Authors: Bigelow KM, Tasneen R, Chang YS, Dooley KE, Nuermberger EL

Abstract
The novel regimen of bedaquiline, pretomanid, and linezolid (BPaL) is highly effective against drug resistant tuberculosis, but linezolid toxicities are frequent. We hypothesized that, for a similar total weekly cumulative dose, thrice-weekly administration of linezolid would preserve efficacy while reducing toxicity compared to daily dosing, in the context of the BPaL regimen.Using C3HeB/FeJ and BALB/c mouse models of tuberculosis disease, thrice-weekly linezolid dosing was compared to daily dosing, with intermittent dosing introduced (a) from treatment initiation or (b) following an initial period of daily dosing.
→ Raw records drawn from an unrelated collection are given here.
lemma colless_gap_odd_even:
  assumes "0 < x"
  shows "colless_gap (2 * x + 1) (2 * y) = colless_gap x y + colless_gap (x + 1) y"
  using colless_gap_even_odd[OF assms, of y] colless_gap_sym by metis

lemma colless_gap_odd_odd:
  assumes "0 < x" "0 < y"
  shows "colless_gap (2 * x + 1) (2 * y + 1) =
    colless_gap x (y + 1) + colless_gap (x + 1) y + (if x = y then 0 else 2)"
  using cmin_double[of "x + y + 1"] cmin_odd[of x] cmin_odd[of y] assms
  by (simp add: colless_gap_def abs_if algebra_simps)

lemma colless_gap_even_1:
  assumes "0 < m"
  shows "colless_gap (2 * m) 1 = colless_gap m 1 + int m - 1"
  using cmin_odd[of m] assms by (simp add: colless_gap_def cmin_double)

lemma colless_gap_odd_1:
  assumes "0 < m"
  shows "colless_gap (2 * m + 1) 1 = colless_gap m 1 + int m + 2"
  using cmin_odd[of m] cmin_double[of "m + 1"] assms by (simp add: colless_gap_def algebra_simps)

lemma colless_gap_1_nonneg: "0 < m \<Longrightarrow> 0 \<le> colless_gap m 1"
proof (induction m rule: less_induct)
  case (less m)
  show ?case
  proof (cases "m = 1")
    case True
    then show ?thesis by (simp add: colless_gap_def)
  next
    case False
    obtain h where "m = 2 * h \<or> m = 2 * h + 1" "0 < h"
      using less.prems False by (metis evenE oddE gr0I mult_0_right add_0)
    then show ?thesis
      using less.IH[of h] colless_gap_even_1[of h] colless_gap_odd_1[of h] by auto
  qed
qed

lemma colless_gap_1_pos:
  assumes "3 \<le> m"
  shows "0 < colless_gap m 1"
proof -
  obtain h where "m = 2 * h \<or> m = 2 * h + 1" by (metis evenE oddE)
  then show ?thesis
    using assms colless_gap_even_1[of h] colless_gap_odd_1[of h] colless_gap_1_nonneg[of h] by auto
qed
lemma lower_support_convex_hull_weighted_cost_image:
  fixes K :: "('a::euclidean_space \<times> 'b::euclidean_space) set"
  assumes "compact K" "K \<noteq> {}" "p > 0"
  shows "lower_support (convex hull weighted_cost_image p q K) (p *\<^sub>R (c + lam))
    = p * Inf ((\<lambda>(x, y). c \<bullet> x + q \<bullet> y + lam \<bullet> x) ` K)"
proof -
  let ?f = "\<lambda>(x, y). c \<bullet> x + q \<bullet> y + lam \<bullet> x"
  have "lower_support (convex hull weighted_cost_image p q K) (p *\<^sub>R (c + lam))
      = lower_support (weighted_cost_image p q K) (p *\<^sub>R (c + lam))"
    using assms(1,2) compact_weighted_cost_image[OF assms(1)]
    by (simp add: lower_support_convex_hull weighted_cost_image_def)
  also have "\<dots> = Inf ((\<lambda>z. p * ?f z) ` K)"
    unfolding lower_support_def weighted_cost_image_def image_image
    by (intro arg_cong[where f = Inf] image_cong) (auto simp: lin_form_def algebra_simps)
  also have "\<dots> = p * Inf (?f ` K)"
  proof -
    have "bdd_below (?f ` K)"
      using assms(1) unfolding case_prod_unfold
      by (intro bounded_imp_bdd_below compact_imp_bounded compact_continuous_image continuous_intros)
    moreover have "mono ((*) p)"
      using assms(3) by (intro monoI mult_left_mono) auto
    moreover have "continuous (at_right (Inf (?f ` K))) ((*) p)"
      by (intro continuous_intros)
    ultimately show ?thesis
      using continuous_at_Inf_mono[of "(*) p" "?f ` K"] assms(2) by (simp add: image_image)
  qed
  finally show ?thesis .
qed

lemma zlam_eq_sum_lower_support:
  assumes "\<forall>s\<in>S. p s > 0 \<and> compact (K s) \<and> K s \<noteq> {}"
  shows "zlam c p S K q lam = (\<Sum>s\<in>S.
    lower_support (convex hull weighted_cost_image (p s) (q s) (K s)) (p s *\<^sub>R (c + lam s)))"
  unfolding zlam_def using assms
  by (intro sum.cong refl lower_support_convex_hull_weighted_cost_image[symmetric]) auto

lemma zLC_le_lin_form:
  assumes "\<forall>s\<in>S. p s > 0 \<and> compact (K s)"
    and "z \<in> fibrewise_sum S (\<lambda>s. convex hull weighted_cost_image (p s) (q s) (K s))"
  shows "zLC c p S K q \<le> ereal (lin_form c z)"
proof -
  obtain x t where z: "z = (x, \<Sum>s\<in>S. t s)"
    and t: "\<forall>s\<in>S. (x, t s) \<in> convex hull weighted_cost_image (p s) (q s) (K s)"
    using assms(2) unfolding fibrewise_sum_def by blast
  have "(x, \<lambda>s. t s / p s) \<in> {(x, \<theta>). \<forall>s\<in>S. (x, \<theta> s) \<in> Pset K q s (UNIV \<times> {0..})}"
    using assms(1) t convex_hull_weighted_cost_image_in_Pset by fastforce
  moreover have "(\<Sum>s\<in>S. p s * (t s / p s)) = (\<Sum>s\<in>S. t s)"
    using assms(1) by (intro sum.cong) auto
  ultimately show ?thesis
    unfolding zLC_def z lin_form_def by (force intro: INF_lower2)
qed

lemma zLC_le_zD:
  fixes K :: "'s \<Rightarrow> ((real^'n) \<times> (real^'ny)) set"
  assumes S: "finite S" "(\<Sum>s\<in>S. p s) = 1"
    and K: "\<forall>s\<in>S. p s > 0 \<and> compact (K s) \<and> K s \<noteq> {}"
  shows "zLC c p S K q \<le> zD c p S K q"
proof (rule dense_le)
  fix y assume y: "y < zLC c p S K q"
  define E where "E s = convex hull weighted_cost_image (p s) (q s) (K s)" for s
  show "y \<le> zD c p S K q"
  proof (cases y)
    case (real r)
    have "\<forall>z\<in>fibrewise_sum S E. r < lin_form c z"
      using y real zLC_le_lin_form[of S p K _ q c] K unfolding E_def
      by (fastforce dest: less_le_trans)
    moreover have "\<forall>s\<in>S. compact (E s) \<and> convex (E s) \<and> E s \<noteq> {}"
      using K unfolding E_def
      by (simp add: compact_convex_hull compact_weighted_cost_image)
    moreover have "S \<noteq> {}"
      using S(2) by auto
    ultimately obtain m where m: "(\<Sum>s\<in>S. m s) = c" "r < (\<Sum>s\<in>S. lower_support (E s) (m s))"
      using fibrewise_sum_dual[OF S(1)] by blast
    define lam where "lam s = (1 / p s) *\<^sub>R m s - c" for s
    have lam: "m s = p s *\<^sub>R (c + lam s)" "p s *\<^sub>R lam s = m s - p s *\<^sub>R c" if "s \<in> S" for s
      using K that by (auto simp: lam_def scaleR_right_diff_distrib)
    then have "zlam c p S K q lam = (\<Sum>s\<in>S. lower_support (E s) (m s))"
      using zlam_eq_sum_lower_support[OF K] unfolding E_def by simp
    moreover have "(\<Sum>s\<in>S. p s *\<^sub>R lam s) = 0"
      using lam(2) S(2) m(1) by (simp add: sum_subtractf flip: scaleR_sum_left cong: sum.cong)
    ultimately show ?thesis
      unfolding zD_def using real m(2) by (force intro: SUP_upper2)
  qed (use y in auto)
qed

theorem theorem2:
  fixes c :: "real^'n" and A :: "real^'n^'m" and b :: "real^'m"
    and S :: "'s set" and p :: "'s \<Rightarrow> real"
    and T :: "'s \<Rightarrow> nat \<Rightarrow> real^'n" and W :: "'s \<Rightarrow> nat \<Rightarrow> real^'ny"
    and h :: "'s \<Rightarrow> nat \<Rightarrow> real" and ms :: "'s \<Rightarrow> nat"
    and q :: "'s \<Rightarrow> real^'ny" and JX :: "'n set" and JY :: "'ny set"
  assumes "finite S"
    and "\<forall>s\<in>S. p s > 0" and "(\<Sum>s\<in>S. p s) = 1"
    and "\<forall>j. c $ j \<in> \<rat>" and "\<forall>i j. A $ i $ j \<in> \<rat>" and "\<forall>i. b $ i \<in> \<rat>"
    and "\<forall>s\<in>S. \<forall>i<ms s. (\<forall>j. T s i $ j \<in> \<rat>) \<and> (\<forall>j. W s i $ j \<in> \<rat>) \<and> h s i \<in> \<rat>"
    and "\<forall>s\<in>S. \<forall>j. q s $ j \<in> \<rat>"
    and "\<forall>s\<in>S. Kset A b T W h ms JX JY s \<noteq> {}"
    and "\<forall>s\<in>S. bounded (Kset A b T W h ms JX JY s)"
  shows "zLC c p S (Kset A b T W h ms JX JY) q = zD c p S (Kset A b T W h ms JX JY) q"
proof (rule antisym)
  show "zD c p S (Kset A b T W h ms JX JY) q \<le> zLC c p S (Kset A b T W h ms JX JY) q"
    using assms(2,3) by (intro zD_le_zLC) auto
  show "zLC c p S (Kset A b T W h ms JX JY) q \<le> zD c p S (Kset A b T W h ms JX JY) q"
    using assms(1-3,9,10) by (intro zLC_le_zD) (auto intro: compact_Kset)
qed

end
In all animals, BPa was dosed daily throughout treatment. Blood counts were used to assess hematologic toxicity. Following unexpected findings of apparent antagonism, we conducted additional experiments to investigate strain-to-strain differences in the contribution of linezolid to regimen efficacy comparing each 1- and 2-drug component to the BPaL regimen in BALB/c mice infected with Mycobacterium tuberculosis H37Rv or HN878.Giving linezolid daily for 1-2 months achieved the greatest efficacy, but following that, results were similar if the drug was stopped, dosed thrice-weekly, or continued daily. Erythrocyte counts were lower with daily than thrice-weekly dosing. Linezolid had additive effects with BPa against M. tuberculosis H37Rv but antagonistic effects with BPa against M. tuberculosis HN878. However, overall efficacy of BPaL was high and similar against both strains.Dosing linezolid daily for the first two months, then less frequently thereafter, may optimize its therapeutic margin. Linezolid's contribution to BPaL regimens may depend on M. tuberculosis strain.